É à volta de Ashin, a inesperada personagem feminina que aparece pela primeira vez no final da segunda temporada, que a maioria da trama se desenvolve, mas muitos dos conflitos focados na série são também aflorados.
Os elementos que fazem de “Kingdom” algo de mais especial do que “apenas” a extraordinária fotografia, realização e guarda-roupa, retornam em “Ashin of the North”, mas juntam-se-lhe novidades.
O interesse e foco dado à escrita, à trama, estão ainda mais refinados e as alterações de paisagem, que se muda para a região Norte do reino de Joseon, na fronteira com a China, trazem igualmente mudanças a nível emocional.
As cores idílicas do início do filme dão lugar paulatinamente a tons cada vez mais escuros e a fisionomia de Ashin mudará de forma progressiva para uma personagem cheia de ódio cujo negro do vestuário reflete o turbilhão de ideias que se desenvolvem ao longo da sua progressiva espiral de vingança.
À semelhança do que acontece na série, também o filme se vai focar em divisões, desta vez étnicas e fronteiriças, para além das já reconhecíveis ganância de poder, despotismo dos governantes e a pobreza em que a maioria da população vive.
O que faz de “Kingdom” um universo especial é o facto de os zombies servirem de pretexto para algo mais profundo que tem a ver com as divisões artificiais criadas pelos homens mais poderosos para alimentar os seus egos debilitados.
“Ashin of the North” menciona levemente o conflito do passado com a invasão do Japão na fronteira sul e destaca um outro conflito, interno, que tem a ver com a segregação de populações de origem étnica distinta, que não se integram em lado algum.
É o caso dos Jurchens, a população descendente das últimas dinastias chinesas antes da invasão Mongol que parcialmente se instalou, há cerca de 100 anos, em território Joseon e ganhou a designação de Pajeowi Jurchen — não são aceites pelos Jurchens nem por Joseon, apenas tolerados.
O equilíbrio periclitante quebra-se com um incidente ocorrido no território proibido de Pyesa-gun e todas as fragilidades voltam a estar à vista de todos.
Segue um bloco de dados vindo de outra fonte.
lemma GS_partial_lzero [simp]: "GS_partial deg mu Delta p i j lzero = lzero"
  by (simp add: GS_partial_def lsub_eq_lzero_iff)

lemma GS_delta_lzero [simp]: "GS_delta deg mu Delta p i j lzero = lzero"
  by (simp add: GS_delta_def lsub_eq_lzero_iff)

lemma GS_d_single_cocycle:
  assumes "is_GS_2cocycle deg d mu Delta (single_cochain p i j f)"
  shows "GS_d deg d p i j f = lzero"
proof -
  have "GS_D deg d mu Delta (single_cochain p i j f) (p + 1) i j = lzero"
    using assms by (simp add: is_GS_2cocycle_def)
  moreover have other: "single_cochain p i j f (p + 1) i' j' = lzero" for i' j'
    by (simp add: single_cochain_off)
  ultimately show ?thesis
    by (simp add: GS_D_def other lscale_ksign_eq_lzero_iff cong: if_cong)
qed

lemma GS_delta_single_cocycle:
  assumes "is_GS_2cocycle deg d mu Delta (single_cochain p i j f)"
  shows "GS_delta deg mu Delta p i j f = lzero"
proof -
  have "GS_D deg d mu Delta (single_cochain p i j f) p i (j + 1) = lzero"
    using assms by (simp add: is_GS_2cocycle_def)
  moreover have other: "single_cochain p i j f p' i' (j + 1) = lzero" for p' i'
    by (simp add: single_cochain_off)
  ultimately show ?thesis
    by (simp add: GS_D_def other lscale_ksign_eq_lzero_iff cong: if_cong)
qed

lemma delta_k_1: "is_hom deg p 1 2 Delta \<Longrightarrow> delta_k deg Delta 1 = Delta"
  by (simp add: delta_k_def lsum_def lscale_def place_0_0)

lemma lcomp_d_eq_if_GS_d_lzero:
  assumes "is_hom deg 1 1 1 d" "GS_d deg d p i 1 f = lzero"
  shows "lcomp d f = lscale (ksign p) (lcomp f (d_k deg d i))"
  using assms d_k_1 [OF assms(1)] by (simp add: GS_d_def lsub_eq_lzero_iff)

definition hopf_compatible :: "('b \<Rightarrow> int) \<Rightarrow> nat \<Rightarrow> ('b, 'r::comm_ring_1) lmap \<Rightarrow> ('b, 'r) lmap
    \<Rightarrow> ('b, 'r) lmap \<Rightarrow> bool" where
  "hopf_compatible deg n mu Delta mun \<longleftrightarrow>
     lcomp Delta mun =
       lcomp (ladd (ltens deg n 1 (muL deg mu n) (2 - int n) mun) (ltens deg n 1 mun 0 (muR deg mu n)))
             (lcomp (sigma deg 2 n) (tpow deg 1 2 Delta n))"

lemma hopf_An_iff:
  "hopf_An deg n d mu Delta mun \<longleftrightarrow>
     n \<ge> 3 \<and> dg_coalgebra deg d Delta \<and> An_algebra deg n d mu mun \<and> hopf_compatible deg n mu Delta mun"
  by (simp add: hopf_An_def hopf_compatible_def)

text \<open>The coactions on the tensor power are (muL \<otimes> 1) \<sigma> \<Delta>^{\<otimes> n} and
  (1 \<otimes> muL) \<sigma> \<Delta>^{\<otimes> n}, so after the interchange laws the \<delta>-part of the
  differential becomes the Hopf compatibility.\<close>

lemma hopf_compatible_if_GS_delta_lzero:
  assumes n: "n \<ge> 1" and f: "is_hom deg (2 - int n) n 1 f"
    and mu: "is_hom deg 0 2 1 mu" and Delta: "is_hom deg 0 1 2 Delta"
    and assoc: "lcomp mu (ltens deg 2 1 mu 0 (idm 1)) = lcomp mu (ltens deg 1 1 (idm 1) 0 mu)"
    and delta: "GS_delta deg mu Delta (2 - int n) n 1 f = lzero"
  shows "hopf_compatible deg n mu Delta f"
proof -
  define S where "S = lcomp (sigma deg 2 n) (tpow deg 1 2 Delta n)"
  have "row_finite S"
    unfolding S_def by (intro row_finite_lcomp row_finite_tpow row_finite_sigma row_finite_if_is_hom [OF Delta])
  have M: "is_hom deg 0 n 1 (muL deg mu n)"
    using is_hom_muL [OF mu, of "n - 1"] n by simp
  have fin: "row_finite (ltens deg n 1 (muL deg mu n) 0 (idm n))" "row_finite (ltens deg n n (idm n) 0 (muL deg mu n))"
    by (intro row_finite_ltens row_finite_idm row_finite_if_is_hom [OF M])+
  have "lcomp (delta_k deg Delta 1) f =
      ladd (lcomp (ltens deg 1 1 (idm 1) (2 - int n) f) (lcomp (ltens deg n 1 (muL deg mu n) 0 (idm n)) S))
        (lcomp (ltens deg n 1 f 0 (idm 1)) (lcomp (ltens deg n n (idm n) 0 (muL deg mu n)) S))"
    using delta by (simp add: GS_delta_def lam_co_def rho_co_def S_def lsub_def ladd_def lscale_def lzero_def
        fun_eq_iff algebra_simps)
  also have "\<dots> = ladd (lcomp (ltens deg n 1 (muL deg mu n) (2 - int n) f) S) (lcomp (ltens deg n 1 f 0 (muL deg mu n)) S)"
    by (simp only: lcomp_assoc [OF fin(1) \<open>row_finite S\<close>] lcomp_assoc [OF fin(2) \<open>row_finite S\<close>]
        interchange_idm_ltens_left [OF M f] interchange_idm_ltens_right [OF f M])
  finally show ?thesis
    unfolding hopf_compatible_def S_def
    using delta_k_1 [OF Delta] by (simp add: lcomp_ladd_left muL_eq_muR [OF mu assoc])
qed

lemma hopf_An_intro:
  assumes bialg: "dg_bialgebra deg d mu Delta" and n: "n \<ge> 3"
    and hmun: "is_hom deg (2 - int n) n 1 mun"
    and GS_d: "GS_d deg d (2 - int n) n 1 mun = lzero"
    and GS_delta: "GS_delta deg mu Delta (2 - int n) n 1 mun = lzero"
  shows "hopf_An deg n d mu Delta mun"
proof -
  from bialg have hd: "is_hom deg 1 1 1 d" and hmu: "is_hom deg 0 2 1 mu"
    and hDelta: "is_hom deg 0 1 2 Delta" and dd: "lcomp d d = lzero"
    and assoc: "lcomp mu (ltens deg 2 1 mu 0 (idm 1)) = lcomp mu (ltens deg 1 1 (idm 1) 0 mu)"
    and coassoc: "lcomp (ltens deg 1 2 Delta 0 (idm 1)) Delta = lcomp (ltens deg 1 1 (idm 1) 0 Delta) Delta"
    and dmu: "lcomp d mu = lcomp mu (d_k deg d 2)"
    and Deltad: "lcomp Delta d = lcomp (d_k deg d 2) Delta"
    unfolding dg_bialgebra_def by blast+
  have "An_algebra deg n d mu mun"
    using An_algebra_intro [OF n hd hmu hmun dd dmu assoc] lcomp_d_eq_if_GS_d_lzero [OF hd GS_d] .
  moreover have "hopf_compatible deg n mu Delta mun"
    using n by (intro hopf_compatible_if_GS_delta_lzero [OF _ hmun hmu hDelta assoc GS_delta]) simp
  ultimately show ?thesis
    unfolding hopf_An_iff dg_coalgebra_def using n hd hDelta dd coassoc Deltad by blast
qed
lemma linearization_consistent:
  "linearization n M C \<Longrightarrow> m \<in> M - singletons n \<Longrightarrow>
    \<exists>c \<in> C. \<Union>c = m \<and> (\<forall>m' \<in> c. card m' < card m)"
  unfolding linearization_def by blast

lemma lin_arcs_subset: "linearization n M C \<Longrightarrow> lin_arcs C \<subseteq> M \<times> M"
  unfolding linearization_def lin_arcs_def by blast

lemma simple_linearization_card_less:
  assumes "simple_linearization n M C" "c \<in> C" "m \<in> c"
  shows "card m < card (\<Union>c)"
proof -
  let ?P = "M - singletons n"
  \<comment> \<open>the constraints witnessing consistency already number |P| = |C|, so they are all of C\<close>
  define C' where "C' = {c \<in> C. \<Union>c \<in> ?P \<and> (\<forall>m \<in> c. card m < card (\<Union>c))}"
  have lin: "linearization n M C" and uniq: "\<forall>m \<in> ?P. \<exists>!c. c \<in> C \<and> \<Union>c = m"
    and "card C = card ?P"
    using assms(1) unfolding simple_linearization_def by auto
  have "inj_on Union C'"
  proof (rule inj_onI)
    fix c1 c2 assume "c1 \<in> C'" "c2 \<in> C'" "\<Union>c1 = \<Union>c2"
    moreover have "\<exists>!c. c \<in> C \<and> \<Union>c = \<Union>c2"
      using uniq \<open>c2 \<in> C'\<close> unfolding C'_def by simp
    ultimately show "c1 = c2" using \<open>c1 \<in> C'\<close> \<open>c2 \<in> C'\<close> unfolding C'_def
      by (metis (mono_tags, lifting) mem_Collect_eq)
  qed
  moreover have "Union ` C' = ?P"
  proof
    show "Union ` C' \<subseteq> ?P" unfolding C'_def by auto
  next
    show "?P \<subseteq> Union ` C'"
    proof
      fix m assume "m \<in> ?P"
      then obtain c where "c \<in> C" "\<Union>c = m" "\<forall>m' \<in> c. card m' < card m"
        using linearization_consistent[OF lin \<open>m \<in> ?P\<close>] by blast
      then show "m \<in> Union ` C'"
        using \<open>m \<in> ?P\<close> unfolding C'_def by (intro rev_image_eqI[of c]) auto
    qed
  qed
  ultimately have "card C' = card C"
    using card_image \<open>card C = card ?P\<close> by metis
  then have "C' = C"
    by (intro card_subset_eq[OF linearization_finite_constraints[OF lin]]) (auto simp: C'_def)
  then show ?thesis using assms(2,3) unfolding C'_def by blast
qed

lemma simple_linearization_arc_psubset:
  assumes "simple_linearization n M C" "(x, y) \<in> lin_arcs C"
  shows "y \<subset> x"
proof -
  obtain c where "c \<in> C" "x = \<Union>c" "y \<in> c" using assms(2) unfolding lin_arcs_def by blast
  then show ?thesis using simple_linearization_card_less[OF assms(1)] by blast
qed

lemma linearization_reaches_singleton:
  assumes lin: "linearization n M C" and "m \<in> M" "i \<in> m"
  shows "(m, {i}) \<in> (lin_arcs C)\<^sup>*"
  using assms(2,3)
proof (induction "card m" arbitrary: m rule: less_induct)
  case less
  show ?case
  proof (cases "m \<in> singletons n")
    case True
    then show ?thesis using less.prems unfolding singletons_def by auto
  next
    case False
    then obtain c where c: "c \<in> C" "\<Union>c = m" "\<forall>m' \<in> c. card m' < card m"
      using linearization_consistent[OF lin] less.prems(1) by blast
    then obtain m' where "m' \<in> c" "i \<in> m'" using less.prems(2) by blast
    then have "(m, m') \<in> lin_arcs C" "(m', {i}) \<in> (lin_arcs C)\<^sup>*"
      using c less.hyps lin_arcs_subset[OF lin] unfolding lin_arcs_def by blast+
    then show ?thesis by (rule converse_rtrancl_into_rtrancl)
  qed
qed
É este tipo de contexto que faz com que a série seja muito mais do que uma série sobre zombies e “Ashin of the North” é mais um passo seguro a consolidar esse sentimento.
“Ashin of the North” é, contudo, muito mais uma condensada história de amor, vingança e ódio do que a série alguma vez foi, trazendo para o centro uma personagem feminina forte que pertence a uma dinastia de renegados falsamente integrados num contexto social frágil e depauperado.
O que alimenta os zombies não é a carne ou o sangue humano e as questões que a sua existência encerra não germinam na morte, mas na vida vivida sem princípios de moralidade e compaixão — nada de novo na história da humanidade.
Por se focar principalmente em construir um enorme edificado de ideias, os zombies não são preponderantes neste especial — se bem que quando finalmente são vistos, continuam a ser aquela delícia supersónica e mortífera sobejamente conhecida da série.
O especial demora-se a contar a história tanto como a série e culmina num frenesim de zombies e vingança, desenrolando-se na última meia hora do filme o culminar de toda a tensão acumulada ao longo da primeira e mais longa parte.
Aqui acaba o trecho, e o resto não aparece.